Le changement climatique est-il vraiment responsable du ralentissement de la circulation dans l'Atlantique?

Le réchauffement de la planète n'est pas la cause du ralentissement d'une énorme circulation dans l'océan Atlantique, qui fait en fait partie du cycle régulier de plusieurs décennies qui affectera les températures dans les décennies à venir, selon une nouvelle étude.

Les océanographes s'inquiètent de la stabilité à long terme de la circulation de l'océan Atlantique, et des études antérieures montrent qu'elle a considérablement ralenti au cours de la dernière décennie.

« Les climatologues s’attendaient à ce que la circulation cyclonique atlantique diminue à long terme sous l’effet du réchauffement climatique, mais nous ne disposons de mesures directes de son intensité que depuis avril 2004. Et le déclin mesuré depuis lors est 10 fois plus important que prévu », explique Ka-Kit Tung, auteur principal de l’étude et professeur de mathématiques appliquées à l’Université de Washington, également professeur associé en sciences atmosphériques.

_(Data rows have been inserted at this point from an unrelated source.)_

lemma negated_flow: "discrete_heat_flow n I (\<lambda>\<tau> i. - u \<tau> i) w"
proof
  fix \<tau> i assume "\<tau> \<in> I" "i \<in> {2..n}"
  then show "((\<lambda>\<sigma>. - u \<sigma> i) has_real_derivative
               w \<tau> i * discrete_laplacian (\<lambda>i. - u \<tau> i) i) (at \<tau> within I)"
    using DERIV_minus[OF deriv] by (simp add: discrete_laplacian_def algebra_simps)
qed (use interval support weight_pos in auto)

lemma Icc_subset:
  assumes "s \<in> I" "t \<in> I"
  shows "{s..t} \<subseteq> I"
proof
  fix x assume "x \<in> {s..t}"
  then have "s \<le> x" "x \<le> t" by simp_all
  then show "x \<in> I"
    using interval assms unfolding is_interval_1 by blast
qed

lemma at_within_eq_at:
  assumes "s \<in> I" "t \<in> I" "s < \<tau>" "\<tau> < t"
  shows "at \<tau> within I = at \<tau>"
proof (rule at_within_open_subset[of _ "{s<..<t}"])
  show "{s<..<t} \<subseteq> I" using Icc_subset[OF assms(1,2)] by auto
qed (use assms in auto)

lemma continuous_on_u: "continuous_on I (\<lambda>\<tau>. u \<tau> i)"
proof (cases "i \<in> {2..n}")
  case True
  then show ?thesis using deriv by (intro DERIV_continuous_on) blast
next
  case False
  then have "(\<lambda>\<tau>. u \<tau> i) = (\<lambda>\<tau>. 0)" using support by blast
  then show ?thesis by (metis continuous_on_const)
qed

lemma umax_ge: "i \<in> {1..n+1} \<Longrightarrow> u \<tau> i \<le> umax \<tau>"
  by (rule Max_ge) auto

lemma umin_le: "i \<in> {1..n+1} \<Longrightarrow> umin \<tau> \<le> u \<tau> i"
  by (rule Min_le) auto

lemma umax_nonincreasing:
  assumes "s \<in> I" "t \<in> I" "s \<le> t"
  shows "umax t \<le> umax s"
proof (rule Max_image_nonincreasing[where f = "\<lambda>j \<tau>. u \<tau> j"])
  fix j assume "j \<in> {1..n+1}"
  show "continuous_on {s..t} (\<lambda>\<tau>. u \<tau> j)"
    using continuous_on_u Icc_subset[OF assms(1,2)] by (rule continuous_on_subset)
  fix \<tau> assume "\<tau> \<in> {s..<t}" and attained: "u \<tau> j = umax \<tau>"
  show "\<exists>D\<le>0. ((\<lambda>\<tau>. u \<tau> j) has_real_derivative D) (at \<tau> within {s..t})"
  proof (cases "j \<in> {2..n}")
    case True
    have "\<tau> \<in> I" using \<open>\<tau> \<in> {s..<t}\<close> Icc_subset[OF assms(1,2)] by auto
    have "Suc j \<in> {1..n+1}" "j - 1 \<in> {1..n+1}" using True by auto
    then have "u \<tau> (Suc j) \<le> umax \<tau>" "u \<tau> (j - 1) \<le> umax \<tau>"
      by (blast intro: umax_ge)+
    then have "u \<tau> (Suc j) \<le> u \<tau> j" "u \<tau> (j - 1) \<le> u \<tau> j"
      using attained by linarith+
    moreover have "0 < w \<tau> j" using weight_pos[OF True] .
    ultimately have "w \<tau> j * discrete_laplacian (u \<tau>) j \<le> 0"
      by (intro mult_nonneg_nonpos) (auto simp: discrete_laplacian_def)
    moreover have "((\<lambda>\<tau>. u \<tau> j) has_real_derivative w \<tau> j * discrete_laplacian (u \<tau>) j)
                     (at \<tau> within {s..t})"
      using deriv[OF \<open>\<tau> \<in> I\<close> True] Icc_subset[OF assms(1,2)] by (rule DERIV_subset)
    ultimately show ?thesis by blast
  next
    case False
    then have "(\<lambda>\<tau>. u \<tau> j) = (\<lambda>\<tau>. 0)" by (simp add: support)
    then show ?thesis by (auto intro: DERIV_const)
  qed
qed (use assms in auto)

lemma Max_uminus_eq: "Max ((\<lambda>i. - u \<tau> i) ` {1..n+1}) = - umin \<tau>"
  by (subst minus_Min_eq_Max) (auto simp: image_image)

lemma umin_nondecreasing:
  assumes "s \<in> I" "t \<in> I" "s \<le> t"
  shows "umin s \<le> umin t"
proof -
  interpret neg: discrete_heat_flow n I "\<lambda>\<tau> i. - u \<tau> i" w by (rule negated_flow)
  show ?thesis using neg.umax_nonincreasing[OF assms] by (simp only: Max_uminus_eq)
qed

text \<open>A positive maximum is attained at some index in \<open>{2..n}\<close>; at the least such index the
  Laplacian is negative, so the time derivative is negative there, which is impossible at an
  interior time where the maximum is constant.\<close>

lemma umax_nonpos_if_constant:
  assumes "s \<in> I" "t \<in> I" "s < \<tau>" "\<tau> < t"
    and const: "\<And>y. y \<in> {s..t} \<Longrightarrow> umax y = umax \<tau>"
  shows "umax \<tau> \<le> 0"
proof (rule ccontr)
  assume pos: "\<not> umax \<tau> \<le> 0"
  define j where "j = (LEAST j. j \<in> {1..n+1} \<and> u \<tau> j = umax \<tau>)"
  have "umax \<tau> \<in> (\<lambda>i. u \<tau> i) ` {1..n+1}" by (intro Max_in) auto
  then obtain j0 where "j0 \<in> {1..n+1} \<and> u \<tau> j0 = umax \<tau>" by (metis imageE)
  then have "j \<in> {1..n+1} \<and> u \<tau> j = umax \<tau>"
    unfolding j_def by (rule LeastI)
  then have j: "j \<in> {1..n+1}" "u \<tau> j = umax \<tau>" by blast+
  have "j \<in> {2..n}"
  proof (rule ccontr)
    assume "j \<notin> {2..n}"
    then have "u \<tau> j = 0" by (rule support)
    with j(2) pos show False by simp
  qed
  have "\<tau> \<in> I" using Icc_subset[OF assms(1,2)] assms(3,4) by auto
  have "((\<lambda>\<sigma>. u \<sigma> j) has_real_derivative w \<tau> j * discrete_laplacian (u \<tau>) j) (at \<tau>)"
    using deriv[OF \<open>\<tau> \<in> I\<close> \<open>j \<in> {2..n}\<close>] at_within_eq_at[OF assms(1-4)] by simp
  moreover have "0 < min (\<tau> - s) (t - \<tau>)" using assms(3,4) by simp
  moreover have "\<forall>y. \<bar>\<tau> - y\<bar> < min (\<tau> - s) (t - \<tau>) \<longrightarrow> u y j \<le> u \<tau> j"
  proof (intro allI impI)
    fix y assume "\<bar>\<tau> - y\<bar> < min (\<tau> - s) (t - \<tau>)"
    then have "y \<in> {s..t}" by auto
    then show "u y j \<le> u \<tau> j" using umax_ge[OF j(1), of y] const[of y] j(2) by linarith
  qed
  ultimately have "w \<tau> j * discrete_laplacian (u \<tau>) j = 0"
    by (rule DERIV_local_max)
  moreover have "discrete_laplacian (u \<tau>) j < 0"
    using j_def \<open>j \<in> {2..n}\<close> by (rule discrete_laplacian_neg_at_least_argmax)
  ultimately show False using weight_pos[OF \<open>j \<in> {2..n}\<close>, of \<tau>] by simp
qed

lemma umin_nonneg_if_constant:
  assumes "s \<in> I" "t \<in> I" "s < \<tau>" "\<tau> < t"
    and const: "\<And>y. y \<in> {s..t} \<Longrightarrow> umin y = umin \<tau>"
  shows "0 \<le> umin \<tau>"
proof -
  interpret neg: discrete_heat_flow n I "\<lambda>\<tau> i. - u \<tau> i" w by (rule negated_flow)
  have "Max ((\<lambda>i. - u y i) ` {1..n+1}) = Max ((\<lambda>i. - u \<tau> i) ` {1..n+1})"
    if "y \<in> {s..t}" for y
    using const[OF that] by (simp only: Max_uminus_eq)
  then have "Max ((\<lambda>i. - u \<tau> i) ` {1..n+1}) \<le> 0"
    by (rule neg.umax_nonpos_if_constant[OF assms(1-4)])
  then show ?thesis unfolding Max_uminus_eq by linarith
qed

lemma vanishing_if_umax_nonpos_umin_nonneg:
  assumes "umax \<tau> \<le> 0" "0 \<le> umin \<tau>"
  shows "u \<tau> i = 0"
proof (cases "i \<in> {1..n+1}")
  case True
  then show ?thesis using assms umax_ge[OF True, of \<tau>] umin_le[OF True, of \<tau>] by linarith
next
  case False
  then have "i \<notin> {2..n}" by auto
  then show ?thesis by (rule support)
qed

definition energy :: "real \<Rightarrow> real" where
  "energy \<tau> = (\<Sum>i\<in>{2..n}. (u \<tau> i)\<^sup>2)"

lemma energy_nonneg: "0 \<le> energy \<tau>"
  by (simp add: energy_def sum_nonneg)

lemma square_le_energy: "(u \<tau> i)\<^sup>2 \<le> energy \<tau>"
  by (cases "i \<in> {2..n}") (auto simp: energy_def support intro: member_le_sum sum_nonneg)

lemma energy_has_derivative:
  assumes "\<tau> \<in> I"
  shows "(energy has_real_derivative
           (\<Sum>i\<in>{2..n}. 2 * u \<tau> i * (w \<tau> i * discrete_laplacian (u \<tau>) i))) (at \<tau> within I)"
  unfolding energy_def[abs_def]
  by (intro DERIV_sum) (auto intro!: derivative_eq_intros deriv[OF assms])

lemma energy_growth_term_lower:
  assumes "0 < w \<tau> i" "w \<tau> i \<le> L"
  shows "- (8 * L * energy \<tau>) \<le> 2 * u \<tau> i * (w \<tau> i * discrete_laplacian (u \<tau>) i)"
proof -
  let ?a = "u \<tau> i" and ?p = "u \<tau> (Suc i)" and ?q = "u \<tau> (i - 1)"
  have "2 * ?a * discrete_laplacian (u \<tau>) i + (6 * ?a\<^sup>2 + ?p\<^sup>2 + ?q\<^sup>2)
          = (?a + ?p)\<^sup>2 + (?a + ?q)\<^sup>2"
    by (simp add: discrete_laplacian_def power2_eq_square algebra_simps)
  then have lower: "- (8 * energy \<tau>) \<le> 2 * ?a * discrete_laplacian (u \<tau>) i"
    using square_le_energy[of \<tau> i] square_le_energy[of \<tau> "Suc i"] square_le_energy[of \<tau> "i - 1"]
      zero_le_power2[of "?a + ?p"] zero_le_power2[of "?a + ?q"] by linarith
  have "- (8 * L * energy \<tau>) = L * - (8 * energy \<tau>)" by simp
  also have "\<dots> \<le> w \<tau> i * - (8 * energy \<tau>)"
    using assms(2) energy_nonneg by (intro mult_right_mono_neg) auto
  also have "\<dots> \<le> w \<tau> i * (2 * ?a * discrete_laplacian (u \<tau>) i)"
    using lower assms(1) by (intro mult_left_mono) auto
  finally show ?thesis by (simp add: algebra_simps)
qed

lemma vanishing_backward:
  assumes bound: "\<And>x i. x \<in> I \<Longrightarrow> i \<in> {2..n} \<Longrightarrow> w x i \<le> L"
    and "y \<in> I" "\<tau> \<in> I" "y \<le> \<tau>" and zero: "\<And>i. u \<tau> i = 0"
  shows "u y i = 0"
proof -
  define C where "C = 8 * L * card {2..n}"
  have "{y..\<tau>} \<subseteq> I" using Icc_subset[OF assms(2,3)] .
  have "energy y = 0"
  proof (rule vanishing_backward_if_deriv_ge[where E = energy and C = C])
    fix x assume "x \<in> {y..\<tau>}"
    then have "x \<in> I" using \<open>{y..\<tau>} \<subseteq> I\<close> by blast
    let ?E' = "\<Sum>i\<in>{2..n}. 2 * u x i * (w x i * discrete_laplacian (u x) i)"
    show "(energy has_real_derivative ?E') (at x within {y..\<tau>})"
      using energy_has_derivative[OF \<open>x \<in> I\<close>] \<open>{y..\<tau>} \<subseteq> I\<close> by (rule DERIV_subset)
    have "(\<Sum>i\<in>{2..n}. - (8 * L * energy x)) \<le> ?E'"
      using weight_pos bound[OF \<open>x \<in> I\<close>] by (intro sum_mono energy_growth_term_lower)
    then show "- C * energy x \<le> ?E'" by (simp add: C_def algebra_simps)
  qed (use \<open>y \<le> \<tau>\<close> energy_nonneg zero in \<open>simp_all add: energy_def\<close>)
  then show ?thesis using square_le_energy[of y i] by simp
qed

lemma constant_if_oscillation_not_decreasing:
  assumes "s \<in> I" "t \<in> I" "umax s - umin s \<le> umax t - umin t" "x \<in> {s..t}"
  shows "umax x = umax s" "umin x = umin s"
proof -
  have "x \<in> I" "s \<le> x" "x \<le> t" using Icc_subset[OF assms(1,2)] assms(4) by auto
  have "umax t \<le> umax x" "umin x \<le> umin t"
    using umax_nonincreasing umin_nondecreasing \<open>x \<in> I\<close> assms(2) \<open>x \<le> t\<close> by blast+
  moreover have "umax x \<le> umax s" "umin s \<le> umin x"
    using umax_nonincreasing umin_nondecreasing assms(1) \<open>x \<in> I\<close> \<open>s \<le> x\<close> by blast+
  ultimately show "umax x = umax s" "umin x = umin s" using assms(3) by linarith+
qed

Le changement climatique est-il vraiment responsable du ralentissement de la circulation dans l'Atlantique?Le graphique supérieur illustre l'évolution de la température moyenne mondiale de surface depuis 1950, avec deux périodes de ralentissement et une période de réchauffement rapide entre 1975 et 2000. Les graphiques inférieurs montrent l'intensité de la circulation méridienne de retournement atlantique (AMOC). La courbe bleue (et, à droite, la courbe violette) représente la salinité au nord du 45e parallèle nord, une mesure indirecte, ou indicateur, de l'intensité de l'AMOC. La courbe verte est un indicateur reconnu de l'AMOC. (Crédit : Ka-Kit Tung/Université de Washington)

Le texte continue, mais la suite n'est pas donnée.